▸ **What is being asked**:
Filter the entries for the word "also". Copy each line that has it.

▸ **Source records**:
+ + + + +

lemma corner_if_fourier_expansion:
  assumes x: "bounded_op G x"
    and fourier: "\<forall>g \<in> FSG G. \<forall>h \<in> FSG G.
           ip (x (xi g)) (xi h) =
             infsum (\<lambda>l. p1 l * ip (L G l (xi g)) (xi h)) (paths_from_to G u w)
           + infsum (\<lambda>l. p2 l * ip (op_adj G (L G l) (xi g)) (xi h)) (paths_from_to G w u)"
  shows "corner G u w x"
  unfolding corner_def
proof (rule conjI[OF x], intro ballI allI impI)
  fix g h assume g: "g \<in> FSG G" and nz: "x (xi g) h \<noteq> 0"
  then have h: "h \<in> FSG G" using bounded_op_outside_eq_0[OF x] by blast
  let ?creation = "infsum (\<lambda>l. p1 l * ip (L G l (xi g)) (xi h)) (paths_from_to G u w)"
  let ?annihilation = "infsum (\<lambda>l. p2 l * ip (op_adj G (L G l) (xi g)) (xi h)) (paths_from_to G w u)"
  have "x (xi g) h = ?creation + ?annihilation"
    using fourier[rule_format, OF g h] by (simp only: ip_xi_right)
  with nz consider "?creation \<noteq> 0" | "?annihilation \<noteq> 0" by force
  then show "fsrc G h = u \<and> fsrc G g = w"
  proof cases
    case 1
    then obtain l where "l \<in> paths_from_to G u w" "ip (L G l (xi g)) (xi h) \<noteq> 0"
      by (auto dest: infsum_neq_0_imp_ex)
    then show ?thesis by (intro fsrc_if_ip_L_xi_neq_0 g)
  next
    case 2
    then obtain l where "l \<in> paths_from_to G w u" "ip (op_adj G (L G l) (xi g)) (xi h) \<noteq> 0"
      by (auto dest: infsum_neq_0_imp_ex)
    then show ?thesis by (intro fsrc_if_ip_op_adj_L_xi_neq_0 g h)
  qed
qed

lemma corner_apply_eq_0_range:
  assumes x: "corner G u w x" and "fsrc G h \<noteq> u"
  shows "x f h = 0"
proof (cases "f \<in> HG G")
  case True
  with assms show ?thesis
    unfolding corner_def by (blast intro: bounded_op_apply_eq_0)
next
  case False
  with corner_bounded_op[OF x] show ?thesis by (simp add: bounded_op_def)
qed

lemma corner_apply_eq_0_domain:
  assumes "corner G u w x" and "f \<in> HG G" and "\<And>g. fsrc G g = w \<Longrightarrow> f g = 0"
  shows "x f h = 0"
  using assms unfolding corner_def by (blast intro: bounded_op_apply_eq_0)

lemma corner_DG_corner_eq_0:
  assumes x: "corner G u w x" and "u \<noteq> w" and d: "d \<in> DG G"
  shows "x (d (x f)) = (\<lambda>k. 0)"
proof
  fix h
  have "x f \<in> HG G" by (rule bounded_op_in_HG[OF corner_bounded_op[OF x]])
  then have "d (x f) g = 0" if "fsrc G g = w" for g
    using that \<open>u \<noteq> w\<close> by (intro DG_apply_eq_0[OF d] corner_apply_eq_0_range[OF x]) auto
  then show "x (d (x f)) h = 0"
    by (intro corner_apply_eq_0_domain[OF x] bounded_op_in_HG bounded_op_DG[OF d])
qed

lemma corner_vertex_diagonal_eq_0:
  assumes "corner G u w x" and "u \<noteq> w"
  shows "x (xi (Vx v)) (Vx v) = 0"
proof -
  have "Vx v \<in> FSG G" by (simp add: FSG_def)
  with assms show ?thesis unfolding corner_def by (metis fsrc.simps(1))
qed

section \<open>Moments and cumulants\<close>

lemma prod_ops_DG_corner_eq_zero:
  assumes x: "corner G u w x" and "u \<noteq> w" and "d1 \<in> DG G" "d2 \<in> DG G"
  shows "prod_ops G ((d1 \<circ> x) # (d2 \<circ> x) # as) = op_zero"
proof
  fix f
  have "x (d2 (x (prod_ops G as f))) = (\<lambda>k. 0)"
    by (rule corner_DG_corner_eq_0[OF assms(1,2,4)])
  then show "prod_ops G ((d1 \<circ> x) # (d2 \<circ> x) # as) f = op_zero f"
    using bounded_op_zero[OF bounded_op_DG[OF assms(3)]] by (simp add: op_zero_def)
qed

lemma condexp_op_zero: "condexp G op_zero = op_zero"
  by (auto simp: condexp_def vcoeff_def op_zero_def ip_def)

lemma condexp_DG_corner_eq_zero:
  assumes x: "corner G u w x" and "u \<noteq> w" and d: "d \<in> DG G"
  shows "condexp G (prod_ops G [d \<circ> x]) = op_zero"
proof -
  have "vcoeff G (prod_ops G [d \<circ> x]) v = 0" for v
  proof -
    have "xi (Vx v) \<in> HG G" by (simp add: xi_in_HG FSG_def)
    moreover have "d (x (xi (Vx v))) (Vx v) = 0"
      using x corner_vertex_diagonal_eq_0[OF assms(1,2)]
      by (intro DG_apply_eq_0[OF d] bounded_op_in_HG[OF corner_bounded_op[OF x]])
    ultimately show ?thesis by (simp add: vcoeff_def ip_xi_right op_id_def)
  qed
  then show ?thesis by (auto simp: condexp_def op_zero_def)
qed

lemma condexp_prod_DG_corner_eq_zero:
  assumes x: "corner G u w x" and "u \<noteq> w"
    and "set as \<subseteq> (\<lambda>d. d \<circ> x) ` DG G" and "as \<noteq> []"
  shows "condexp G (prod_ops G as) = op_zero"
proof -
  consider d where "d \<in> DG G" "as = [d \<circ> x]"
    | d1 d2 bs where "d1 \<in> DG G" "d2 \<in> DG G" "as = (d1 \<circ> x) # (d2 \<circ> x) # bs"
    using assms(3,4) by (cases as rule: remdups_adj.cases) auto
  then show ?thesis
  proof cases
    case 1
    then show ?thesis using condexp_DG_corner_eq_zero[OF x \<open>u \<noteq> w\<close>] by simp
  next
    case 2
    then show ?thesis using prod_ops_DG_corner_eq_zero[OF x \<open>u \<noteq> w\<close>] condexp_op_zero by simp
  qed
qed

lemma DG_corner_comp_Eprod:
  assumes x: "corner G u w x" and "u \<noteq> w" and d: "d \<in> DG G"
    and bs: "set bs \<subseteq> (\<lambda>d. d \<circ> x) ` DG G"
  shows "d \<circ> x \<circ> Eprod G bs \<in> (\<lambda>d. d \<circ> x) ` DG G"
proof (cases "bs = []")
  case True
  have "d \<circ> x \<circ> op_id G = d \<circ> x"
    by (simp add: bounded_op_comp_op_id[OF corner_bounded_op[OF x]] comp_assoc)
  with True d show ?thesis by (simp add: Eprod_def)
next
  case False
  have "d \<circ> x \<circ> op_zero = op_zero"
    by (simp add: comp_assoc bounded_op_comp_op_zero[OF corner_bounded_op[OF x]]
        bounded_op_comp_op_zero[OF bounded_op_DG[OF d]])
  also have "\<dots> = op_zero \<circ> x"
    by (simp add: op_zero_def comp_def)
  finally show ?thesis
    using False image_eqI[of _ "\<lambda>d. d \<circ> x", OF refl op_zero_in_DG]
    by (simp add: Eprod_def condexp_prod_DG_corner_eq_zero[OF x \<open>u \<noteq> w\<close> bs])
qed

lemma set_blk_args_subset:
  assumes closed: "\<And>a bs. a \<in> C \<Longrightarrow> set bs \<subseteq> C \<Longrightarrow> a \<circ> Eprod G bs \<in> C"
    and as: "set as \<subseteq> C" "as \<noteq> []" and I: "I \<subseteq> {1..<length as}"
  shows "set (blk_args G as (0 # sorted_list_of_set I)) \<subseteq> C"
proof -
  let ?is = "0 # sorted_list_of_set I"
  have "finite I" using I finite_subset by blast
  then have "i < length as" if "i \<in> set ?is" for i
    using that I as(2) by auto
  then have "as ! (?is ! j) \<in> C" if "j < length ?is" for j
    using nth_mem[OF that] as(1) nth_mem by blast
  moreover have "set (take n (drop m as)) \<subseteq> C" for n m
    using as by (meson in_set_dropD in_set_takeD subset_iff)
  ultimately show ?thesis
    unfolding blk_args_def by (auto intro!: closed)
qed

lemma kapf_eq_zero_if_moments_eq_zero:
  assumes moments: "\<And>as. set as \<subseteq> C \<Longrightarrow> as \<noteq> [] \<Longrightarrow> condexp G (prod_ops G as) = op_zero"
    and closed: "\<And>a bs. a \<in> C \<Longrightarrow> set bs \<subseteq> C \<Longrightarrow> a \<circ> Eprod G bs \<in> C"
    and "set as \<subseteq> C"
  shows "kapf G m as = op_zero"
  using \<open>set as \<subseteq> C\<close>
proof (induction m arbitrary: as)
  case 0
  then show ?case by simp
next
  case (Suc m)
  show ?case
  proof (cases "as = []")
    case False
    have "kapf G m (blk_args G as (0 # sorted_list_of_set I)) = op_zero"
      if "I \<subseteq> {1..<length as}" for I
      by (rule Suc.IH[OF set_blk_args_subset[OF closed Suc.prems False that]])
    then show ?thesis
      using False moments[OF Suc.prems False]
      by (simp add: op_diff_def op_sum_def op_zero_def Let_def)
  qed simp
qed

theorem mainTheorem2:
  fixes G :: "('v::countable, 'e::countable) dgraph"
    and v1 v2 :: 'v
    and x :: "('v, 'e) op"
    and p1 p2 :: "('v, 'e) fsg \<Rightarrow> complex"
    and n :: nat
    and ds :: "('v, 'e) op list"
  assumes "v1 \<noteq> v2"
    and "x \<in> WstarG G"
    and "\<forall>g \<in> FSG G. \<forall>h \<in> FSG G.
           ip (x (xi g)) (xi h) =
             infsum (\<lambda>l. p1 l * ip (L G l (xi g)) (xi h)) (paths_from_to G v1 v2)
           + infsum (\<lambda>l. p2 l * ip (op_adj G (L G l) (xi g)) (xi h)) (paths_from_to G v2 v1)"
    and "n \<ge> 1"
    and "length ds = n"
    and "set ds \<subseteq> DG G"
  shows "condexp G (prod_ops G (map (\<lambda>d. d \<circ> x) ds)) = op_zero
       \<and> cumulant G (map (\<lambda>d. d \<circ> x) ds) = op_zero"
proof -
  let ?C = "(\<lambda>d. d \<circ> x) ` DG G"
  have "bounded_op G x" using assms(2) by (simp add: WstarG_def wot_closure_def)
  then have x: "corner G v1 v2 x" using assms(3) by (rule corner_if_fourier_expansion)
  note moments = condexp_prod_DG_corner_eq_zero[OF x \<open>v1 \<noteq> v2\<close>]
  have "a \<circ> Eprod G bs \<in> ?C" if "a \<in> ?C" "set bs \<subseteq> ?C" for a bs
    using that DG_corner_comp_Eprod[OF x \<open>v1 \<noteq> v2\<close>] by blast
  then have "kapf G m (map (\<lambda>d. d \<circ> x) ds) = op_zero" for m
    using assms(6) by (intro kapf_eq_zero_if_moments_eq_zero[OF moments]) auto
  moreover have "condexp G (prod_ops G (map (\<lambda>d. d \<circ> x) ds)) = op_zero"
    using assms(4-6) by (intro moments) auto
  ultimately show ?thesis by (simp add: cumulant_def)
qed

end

+ + + + +

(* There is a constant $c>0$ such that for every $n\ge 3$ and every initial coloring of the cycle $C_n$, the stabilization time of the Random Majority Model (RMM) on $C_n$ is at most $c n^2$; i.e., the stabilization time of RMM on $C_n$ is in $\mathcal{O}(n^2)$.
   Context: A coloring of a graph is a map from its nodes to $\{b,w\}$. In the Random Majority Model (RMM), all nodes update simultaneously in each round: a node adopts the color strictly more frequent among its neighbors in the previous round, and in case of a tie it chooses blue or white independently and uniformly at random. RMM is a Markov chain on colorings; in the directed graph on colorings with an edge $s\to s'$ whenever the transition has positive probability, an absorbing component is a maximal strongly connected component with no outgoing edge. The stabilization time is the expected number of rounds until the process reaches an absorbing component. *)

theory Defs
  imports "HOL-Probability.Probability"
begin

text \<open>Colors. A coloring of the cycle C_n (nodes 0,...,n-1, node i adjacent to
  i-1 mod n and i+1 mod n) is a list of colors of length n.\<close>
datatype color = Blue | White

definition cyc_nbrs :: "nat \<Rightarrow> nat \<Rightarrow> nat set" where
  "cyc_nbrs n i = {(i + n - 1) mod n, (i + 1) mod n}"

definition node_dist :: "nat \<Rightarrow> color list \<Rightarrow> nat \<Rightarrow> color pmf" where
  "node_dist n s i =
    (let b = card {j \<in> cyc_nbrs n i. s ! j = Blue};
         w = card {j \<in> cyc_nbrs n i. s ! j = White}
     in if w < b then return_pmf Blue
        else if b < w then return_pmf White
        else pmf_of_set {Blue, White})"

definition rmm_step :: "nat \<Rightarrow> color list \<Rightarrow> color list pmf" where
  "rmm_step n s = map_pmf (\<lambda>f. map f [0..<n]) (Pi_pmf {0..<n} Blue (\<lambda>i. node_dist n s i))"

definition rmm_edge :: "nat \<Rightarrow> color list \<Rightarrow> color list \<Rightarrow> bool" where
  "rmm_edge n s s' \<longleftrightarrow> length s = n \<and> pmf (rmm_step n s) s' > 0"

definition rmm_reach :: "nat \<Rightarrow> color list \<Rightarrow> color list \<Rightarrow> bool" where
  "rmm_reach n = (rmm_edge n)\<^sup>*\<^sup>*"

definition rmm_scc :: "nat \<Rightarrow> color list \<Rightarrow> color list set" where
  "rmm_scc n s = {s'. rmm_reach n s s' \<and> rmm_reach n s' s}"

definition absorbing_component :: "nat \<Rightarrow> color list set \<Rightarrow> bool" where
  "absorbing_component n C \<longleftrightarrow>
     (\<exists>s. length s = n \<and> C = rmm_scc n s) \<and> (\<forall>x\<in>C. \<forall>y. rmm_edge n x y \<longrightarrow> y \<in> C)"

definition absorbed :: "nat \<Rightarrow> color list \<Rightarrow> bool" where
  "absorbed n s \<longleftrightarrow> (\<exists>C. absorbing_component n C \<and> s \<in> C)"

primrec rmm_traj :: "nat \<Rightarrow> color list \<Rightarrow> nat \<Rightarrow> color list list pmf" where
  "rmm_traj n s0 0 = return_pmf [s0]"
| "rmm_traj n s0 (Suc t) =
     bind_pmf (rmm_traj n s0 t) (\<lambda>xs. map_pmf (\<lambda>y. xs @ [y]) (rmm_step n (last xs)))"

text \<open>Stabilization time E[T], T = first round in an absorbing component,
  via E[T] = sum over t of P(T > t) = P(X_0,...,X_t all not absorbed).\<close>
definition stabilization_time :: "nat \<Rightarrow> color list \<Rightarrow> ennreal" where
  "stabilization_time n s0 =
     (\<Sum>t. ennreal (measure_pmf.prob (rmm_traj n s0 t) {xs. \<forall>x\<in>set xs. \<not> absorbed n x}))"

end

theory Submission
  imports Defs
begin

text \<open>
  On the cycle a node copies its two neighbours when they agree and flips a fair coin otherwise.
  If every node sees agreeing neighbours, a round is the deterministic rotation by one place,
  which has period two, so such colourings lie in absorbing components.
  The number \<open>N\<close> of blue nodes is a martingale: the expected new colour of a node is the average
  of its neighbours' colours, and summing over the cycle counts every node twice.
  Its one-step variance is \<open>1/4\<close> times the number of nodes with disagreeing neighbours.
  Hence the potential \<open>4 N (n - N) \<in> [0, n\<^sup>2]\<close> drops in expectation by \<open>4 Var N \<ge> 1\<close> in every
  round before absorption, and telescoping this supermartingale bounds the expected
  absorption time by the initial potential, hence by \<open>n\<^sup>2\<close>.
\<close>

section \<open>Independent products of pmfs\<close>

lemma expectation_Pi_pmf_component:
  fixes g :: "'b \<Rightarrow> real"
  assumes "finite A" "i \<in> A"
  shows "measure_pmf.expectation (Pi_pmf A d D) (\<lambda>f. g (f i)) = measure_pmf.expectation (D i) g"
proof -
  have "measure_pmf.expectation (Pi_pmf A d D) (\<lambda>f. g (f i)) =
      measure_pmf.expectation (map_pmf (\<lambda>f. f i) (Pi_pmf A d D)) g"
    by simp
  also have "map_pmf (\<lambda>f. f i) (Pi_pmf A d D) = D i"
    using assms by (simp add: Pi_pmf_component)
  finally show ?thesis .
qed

+ + + + +

▸ **Output**:
  also have "\<dots> = op_zero \<circ> x"
  also have "map_pmf (\<lambda>f. f i) (Pi_pmf A d D) = D i"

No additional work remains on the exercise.